Check each line of the records for "ITimes"; collect those that have it.

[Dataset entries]
*** Begin section ***
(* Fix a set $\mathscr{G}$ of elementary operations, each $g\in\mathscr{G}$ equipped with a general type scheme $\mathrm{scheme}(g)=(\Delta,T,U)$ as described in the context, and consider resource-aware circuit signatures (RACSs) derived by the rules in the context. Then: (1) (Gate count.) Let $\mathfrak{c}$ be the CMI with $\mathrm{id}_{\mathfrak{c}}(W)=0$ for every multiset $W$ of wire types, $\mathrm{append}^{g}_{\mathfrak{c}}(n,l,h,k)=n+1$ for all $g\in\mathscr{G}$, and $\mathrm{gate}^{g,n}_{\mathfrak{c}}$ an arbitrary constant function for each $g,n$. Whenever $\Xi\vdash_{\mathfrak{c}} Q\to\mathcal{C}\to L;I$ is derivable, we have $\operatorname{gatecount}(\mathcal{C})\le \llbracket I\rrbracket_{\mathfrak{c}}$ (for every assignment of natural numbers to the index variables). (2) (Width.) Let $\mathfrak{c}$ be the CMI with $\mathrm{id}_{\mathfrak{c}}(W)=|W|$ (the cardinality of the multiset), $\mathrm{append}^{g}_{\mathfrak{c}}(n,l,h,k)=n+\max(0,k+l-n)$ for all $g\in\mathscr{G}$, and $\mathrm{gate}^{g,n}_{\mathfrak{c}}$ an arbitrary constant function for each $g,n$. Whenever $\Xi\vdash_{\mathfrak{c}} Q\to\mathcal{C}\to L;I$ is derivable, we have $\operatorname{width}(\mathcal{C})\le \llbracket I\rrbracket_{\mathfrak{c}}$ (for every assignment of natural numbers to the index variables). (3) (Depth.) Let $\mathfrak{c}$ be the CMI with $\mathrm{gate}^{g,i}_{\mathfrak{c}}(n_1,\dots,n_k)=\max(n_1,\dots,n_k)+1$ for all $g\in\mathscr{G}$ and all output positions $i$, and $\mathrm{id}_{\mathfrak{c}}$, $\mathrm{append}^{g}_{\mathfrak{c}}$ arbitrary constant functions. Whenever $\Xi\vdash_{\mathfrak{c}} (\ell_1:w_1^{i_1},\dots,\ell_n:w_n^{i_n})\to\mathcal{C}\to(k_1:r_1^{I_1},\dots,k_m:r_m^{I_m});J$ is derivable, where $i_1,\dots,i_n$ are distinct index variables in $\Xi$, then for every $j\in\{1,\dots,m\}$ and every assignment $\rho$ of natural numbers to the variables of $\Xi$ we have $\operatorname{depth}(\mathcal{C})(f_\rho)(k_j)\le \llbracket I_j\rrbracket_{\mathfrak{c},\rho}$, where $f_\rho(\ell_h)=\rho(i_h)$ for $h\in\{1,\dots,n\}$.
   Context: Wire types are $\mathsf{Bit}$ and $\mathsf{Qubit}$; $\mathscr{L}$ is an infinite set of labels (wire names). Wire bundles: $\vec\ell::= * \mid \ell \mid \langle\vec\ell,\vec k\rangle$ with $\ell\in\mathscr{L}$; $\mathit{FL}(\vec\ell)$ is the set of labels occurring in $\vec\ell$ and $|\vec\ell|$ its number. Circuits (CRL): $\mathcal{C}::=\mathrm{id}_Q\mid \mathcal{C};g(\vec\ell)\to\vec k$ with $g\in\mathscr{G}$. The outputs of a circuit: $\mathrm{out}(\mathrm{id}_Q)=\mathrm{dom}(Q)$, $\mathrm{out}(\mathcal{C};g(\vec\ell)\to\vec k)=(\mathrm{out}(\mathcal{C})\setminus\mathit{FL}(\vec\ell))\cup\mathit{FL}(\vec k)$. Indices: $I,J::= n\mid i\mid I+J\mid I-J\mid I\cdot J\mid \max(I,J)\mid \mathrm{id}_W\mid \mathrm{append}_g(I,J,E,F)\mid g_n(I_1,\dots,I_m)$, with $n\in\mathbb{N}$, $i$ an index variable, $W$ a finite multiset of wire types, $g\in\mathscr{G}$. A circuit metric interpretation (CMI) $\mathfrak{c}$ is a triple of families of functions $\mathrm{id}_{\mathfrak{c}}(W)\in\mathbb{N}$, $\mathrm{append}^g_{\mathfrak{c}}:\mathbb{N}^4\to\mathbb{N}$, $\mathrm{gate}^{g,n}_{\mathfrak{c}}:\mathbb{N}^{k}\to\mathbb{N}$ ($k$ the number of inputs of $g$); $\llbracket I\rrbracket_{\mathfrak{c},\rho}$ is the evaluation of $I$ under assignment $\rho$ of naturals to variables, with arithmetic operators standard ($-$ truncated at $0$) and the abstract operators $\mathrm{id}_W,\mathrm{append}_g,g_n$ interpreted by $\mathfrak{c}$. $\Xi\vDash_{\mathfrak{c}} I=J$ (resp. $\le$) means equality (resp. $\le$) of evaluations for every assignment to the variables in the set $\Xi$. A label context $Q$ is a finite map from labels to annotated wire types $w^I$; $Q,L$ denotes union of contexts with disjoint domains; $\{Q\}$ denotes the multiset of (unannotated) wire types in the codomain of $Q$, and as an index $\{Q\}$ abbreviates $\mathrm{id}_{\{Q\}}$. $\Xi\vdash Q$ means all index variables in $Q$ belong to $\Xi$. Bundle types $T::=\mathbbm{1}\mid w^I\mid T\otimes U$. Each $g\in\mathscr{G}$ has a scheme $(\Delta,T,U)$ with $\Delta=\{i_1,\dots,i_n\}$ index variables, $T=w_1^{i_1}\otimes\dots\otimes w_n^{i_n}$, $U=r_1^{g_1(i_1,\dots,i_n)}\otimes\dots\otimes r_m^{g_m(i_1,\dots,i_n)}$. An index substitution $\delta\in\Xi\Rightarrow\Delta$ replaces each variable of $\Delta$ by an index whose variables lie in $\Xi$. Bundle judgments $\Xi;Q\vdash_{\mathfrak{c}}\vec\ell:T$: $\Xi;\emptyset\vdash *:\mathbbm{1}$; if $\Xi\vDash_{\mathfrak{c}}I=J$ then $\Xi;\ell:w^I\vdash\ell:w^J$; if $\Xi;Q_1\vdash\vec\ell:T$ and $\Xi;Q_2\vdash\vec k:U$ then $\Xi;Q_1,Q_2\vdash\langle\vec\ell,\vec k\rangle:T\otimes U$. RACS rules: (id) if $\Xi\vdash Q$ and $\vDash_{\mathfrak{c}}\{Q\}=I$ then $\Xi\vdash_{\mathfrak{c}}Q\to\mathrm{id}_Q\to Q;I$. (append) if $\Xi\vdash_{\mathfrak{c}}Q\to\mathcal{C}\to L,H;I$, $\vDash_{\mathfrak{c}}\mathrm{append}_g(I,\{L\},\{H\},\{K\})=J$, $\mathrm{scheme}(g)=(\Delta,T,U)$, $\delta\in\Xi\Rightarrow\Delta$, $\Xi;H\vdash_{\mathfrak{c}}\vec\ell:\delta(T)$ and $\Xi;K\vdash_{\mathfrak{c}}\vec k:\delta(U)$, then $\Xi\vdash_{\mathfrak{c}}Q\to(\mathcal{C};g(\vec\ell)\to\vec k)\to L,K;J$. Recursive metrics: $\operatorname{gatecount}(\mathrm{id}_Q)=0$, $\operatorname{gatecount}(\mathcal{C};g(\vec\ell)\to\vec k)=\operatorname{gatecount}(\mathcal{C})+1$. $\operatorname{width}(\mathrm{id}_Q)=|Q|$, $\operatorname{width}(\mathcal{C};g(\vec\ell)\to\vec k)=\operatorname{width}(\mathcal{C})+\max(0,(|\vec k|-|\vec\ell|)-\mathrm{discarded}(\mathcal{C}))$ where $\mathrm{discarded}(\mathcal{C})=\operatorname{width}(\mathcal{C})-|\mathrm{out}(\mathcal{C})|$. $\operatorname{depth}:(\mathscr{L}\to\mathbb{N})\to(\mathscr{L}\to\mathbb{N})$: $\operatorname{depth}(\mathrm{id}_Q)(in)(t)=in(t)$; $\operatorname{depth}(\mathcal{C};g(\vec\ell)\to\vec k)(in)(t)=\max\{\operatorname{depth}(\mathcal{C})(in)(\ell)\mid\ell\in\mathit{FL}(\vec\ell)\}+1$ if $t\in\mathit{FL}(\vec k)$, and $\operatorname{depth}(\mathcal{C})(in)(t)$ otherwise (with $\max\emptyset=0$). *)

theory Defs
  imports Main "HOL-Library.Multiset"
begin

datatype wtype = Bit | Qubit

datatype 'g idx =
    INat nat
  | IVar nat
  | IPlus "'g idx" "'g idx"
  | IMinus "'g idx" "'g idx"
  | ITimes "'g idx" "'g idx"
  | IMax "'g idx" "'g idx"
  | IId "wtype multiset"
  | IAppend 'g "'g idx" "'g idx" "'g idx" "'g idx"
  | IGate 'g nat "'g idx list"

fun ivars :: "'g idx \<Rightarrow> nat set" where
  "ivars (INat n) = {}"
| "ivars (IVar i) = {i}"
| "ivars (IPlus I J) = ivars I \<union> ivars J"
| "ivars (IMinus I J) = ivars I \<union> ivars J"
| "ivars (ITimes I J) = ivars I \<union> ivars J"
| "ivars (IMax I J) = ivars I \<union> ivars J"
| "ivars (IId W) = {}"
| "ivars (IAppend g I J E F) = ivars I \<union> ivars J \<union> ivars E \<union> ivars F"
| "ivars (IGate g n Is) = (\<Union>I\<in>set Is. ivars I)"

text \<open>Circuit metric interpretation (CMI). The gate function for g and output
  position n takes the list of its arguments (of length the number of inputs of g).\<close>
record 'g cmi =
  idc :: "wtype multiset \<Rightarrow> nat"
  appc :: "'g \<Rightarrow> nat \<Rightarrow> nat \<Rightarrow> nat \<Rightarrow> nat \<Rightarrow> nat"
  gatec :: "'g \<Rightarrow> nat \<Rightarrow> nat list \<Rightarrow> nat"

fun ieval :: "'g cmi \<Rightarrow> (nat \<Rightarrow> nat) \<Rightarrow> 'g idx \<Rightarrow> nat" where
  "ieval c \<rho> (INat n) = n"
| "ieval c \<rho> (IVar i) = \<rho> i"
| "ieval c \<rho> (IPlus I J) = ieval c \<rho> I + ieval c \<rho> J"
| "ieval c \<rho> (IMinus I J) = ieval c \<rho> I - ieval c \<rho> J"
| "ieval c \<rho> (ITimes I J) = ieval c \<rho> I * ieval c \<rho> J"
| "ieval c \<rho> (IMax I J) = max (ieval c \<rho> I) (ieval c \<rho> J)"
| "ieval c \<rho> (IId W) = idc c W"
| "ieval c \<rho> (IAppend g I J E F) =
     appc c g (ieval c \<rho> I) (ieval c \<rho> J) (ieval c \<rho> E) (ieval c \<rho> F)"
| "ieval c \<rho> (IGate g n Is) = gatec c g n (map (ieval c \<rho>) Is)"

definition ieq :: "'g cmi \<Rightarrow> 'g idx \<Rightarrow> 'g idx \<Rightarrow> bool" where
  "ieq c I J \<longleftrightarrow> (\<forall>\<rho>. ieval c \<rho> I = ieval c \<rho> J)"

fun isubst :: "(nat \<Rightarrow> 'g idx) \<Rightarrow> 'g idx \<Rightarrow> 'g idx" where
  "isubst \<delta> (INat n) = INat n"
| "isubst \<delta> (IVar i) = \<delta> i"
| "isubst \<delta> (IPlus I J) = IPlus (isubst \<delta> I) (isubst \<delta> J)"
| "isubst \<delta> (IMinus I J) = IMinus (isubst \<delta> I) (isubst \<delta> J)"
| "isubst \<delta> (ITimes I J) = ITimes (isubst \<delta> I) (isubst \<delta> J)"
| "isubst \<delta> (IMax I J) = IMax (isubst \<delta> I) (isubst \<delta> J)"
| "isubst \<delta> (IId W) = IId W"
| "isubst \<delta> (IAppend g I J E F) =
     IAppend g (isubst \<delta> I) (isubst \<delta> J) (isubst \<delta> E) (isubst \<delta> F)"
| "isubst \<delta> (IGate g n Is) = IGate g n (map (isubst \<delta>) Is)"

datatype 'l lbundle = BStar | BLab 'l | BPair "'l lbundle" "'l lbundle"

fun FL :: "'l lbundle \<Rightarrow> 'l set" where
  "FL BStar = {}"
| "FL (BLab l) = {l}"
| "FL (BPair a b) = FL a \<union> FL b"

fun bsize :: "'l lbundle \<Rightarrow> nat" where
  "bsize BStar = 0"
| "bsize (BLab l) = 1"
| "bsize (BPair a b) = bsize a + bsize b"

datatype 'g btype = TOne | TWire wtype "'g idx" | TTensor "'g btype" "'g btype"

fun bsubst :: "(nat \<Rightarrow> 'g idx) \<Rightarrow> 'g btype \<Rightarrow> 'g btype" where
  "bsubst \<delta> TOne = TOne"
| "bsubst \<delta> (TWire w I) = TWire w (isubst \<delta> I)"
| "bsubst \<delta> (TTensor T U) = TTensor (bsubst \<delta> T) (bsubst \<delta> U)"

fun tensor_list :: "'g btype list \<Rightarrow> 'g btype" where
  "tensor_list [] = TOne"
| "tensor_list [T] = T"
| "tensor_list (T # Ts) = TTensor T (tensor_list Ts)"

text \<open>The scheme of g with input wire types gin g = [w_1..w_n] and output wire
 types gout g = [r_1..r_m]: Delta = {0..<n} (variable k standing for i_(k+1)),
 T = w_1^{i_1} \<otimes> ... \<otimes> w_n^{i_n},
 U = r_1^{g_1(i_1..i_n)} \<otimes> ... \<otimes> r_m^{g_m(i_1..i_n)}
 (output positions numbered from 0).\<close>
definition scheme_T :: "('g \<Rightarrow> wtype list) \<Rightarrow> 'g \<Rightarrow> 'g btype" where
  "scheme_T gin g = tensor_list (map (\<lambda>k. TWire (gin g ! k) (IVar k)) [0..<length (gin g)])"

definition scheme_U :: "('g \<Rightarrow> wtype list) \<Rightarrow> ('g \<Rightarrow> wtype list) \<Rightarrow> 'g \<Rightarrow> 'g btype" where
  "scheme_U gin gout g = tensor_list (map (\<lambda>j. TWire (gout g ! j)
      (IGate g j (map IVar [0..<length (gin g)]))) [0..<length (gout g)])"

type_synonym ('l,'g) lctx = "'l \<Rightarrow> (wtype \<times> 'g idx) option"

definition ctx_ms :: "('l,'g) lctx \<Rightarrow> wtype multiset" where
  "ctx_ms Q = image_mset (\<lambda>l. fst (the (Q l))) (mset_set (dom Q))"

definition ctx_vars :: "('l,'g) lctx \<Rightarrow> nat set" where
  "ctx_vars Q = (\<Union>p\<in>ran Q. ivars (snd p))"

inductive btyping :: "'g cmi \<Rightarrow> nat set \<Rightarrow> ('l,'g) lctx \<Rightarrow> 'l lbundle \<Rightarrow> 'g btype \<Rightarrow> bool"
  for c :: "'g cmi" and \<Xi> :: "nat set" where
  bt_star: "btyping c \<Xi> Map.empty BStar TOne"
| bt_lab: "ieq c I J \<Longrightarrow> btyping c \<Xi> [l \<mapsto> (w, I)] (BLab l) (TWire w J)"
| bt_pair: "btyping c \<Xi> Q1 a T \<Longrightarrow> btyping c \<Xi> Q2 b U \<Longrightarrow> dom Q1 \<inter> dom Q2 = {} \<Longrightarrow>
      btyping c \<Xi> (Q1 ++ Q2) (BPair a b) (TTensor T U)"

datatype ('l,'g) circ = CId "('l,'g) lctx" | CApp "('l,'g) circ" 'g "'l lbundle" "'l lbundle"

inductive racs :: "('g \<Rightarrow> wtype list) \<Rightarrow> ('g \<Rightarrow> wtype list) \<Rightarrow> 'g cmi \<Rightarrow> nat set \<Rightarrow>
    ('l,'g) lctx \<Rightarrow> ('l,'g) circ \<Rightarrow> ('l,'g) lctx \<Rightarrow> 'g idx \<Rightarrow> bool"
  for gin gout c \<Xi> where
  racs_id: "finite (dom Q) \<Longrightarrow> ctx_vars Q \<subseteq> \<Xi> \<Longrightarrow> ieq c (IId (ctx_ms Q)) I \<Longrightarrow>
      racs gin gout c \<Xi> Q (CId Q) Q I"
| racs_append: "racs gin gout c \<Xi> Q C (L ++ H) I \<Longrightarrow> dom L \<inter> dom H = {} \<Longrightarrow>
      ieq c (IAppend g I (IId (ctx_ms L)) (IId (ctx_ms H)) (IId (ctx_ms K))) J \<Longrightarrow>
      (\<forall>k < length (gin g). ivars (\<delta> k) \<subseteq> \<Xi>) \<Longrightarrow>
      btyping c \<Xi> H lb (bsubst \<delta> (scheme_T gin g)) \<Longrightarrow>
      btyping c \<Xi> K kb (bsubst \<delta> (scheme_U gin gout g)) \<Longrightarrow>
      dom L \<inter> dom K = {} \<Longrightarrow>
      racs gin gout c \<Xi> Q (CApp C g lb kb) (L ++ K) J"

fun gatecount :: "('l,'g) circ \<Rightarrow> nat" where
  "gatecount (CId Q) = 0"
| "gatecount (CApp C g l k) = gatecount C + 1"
*** End section ***
◆ **REPLY TO THE TASK**:
  | ITimes "'g idx" "'g idx"
| "ivars (ITimes I J) = ivars I \<union> ivars J"
| "ieval c \<rho> (ITimes I J) = ieval c \<rho> I * ieval c \<rho> J"
| "isubst \<delta> (ITimes I J) = ITimes (isubst \<delta> I) (isubst \<delta> J)"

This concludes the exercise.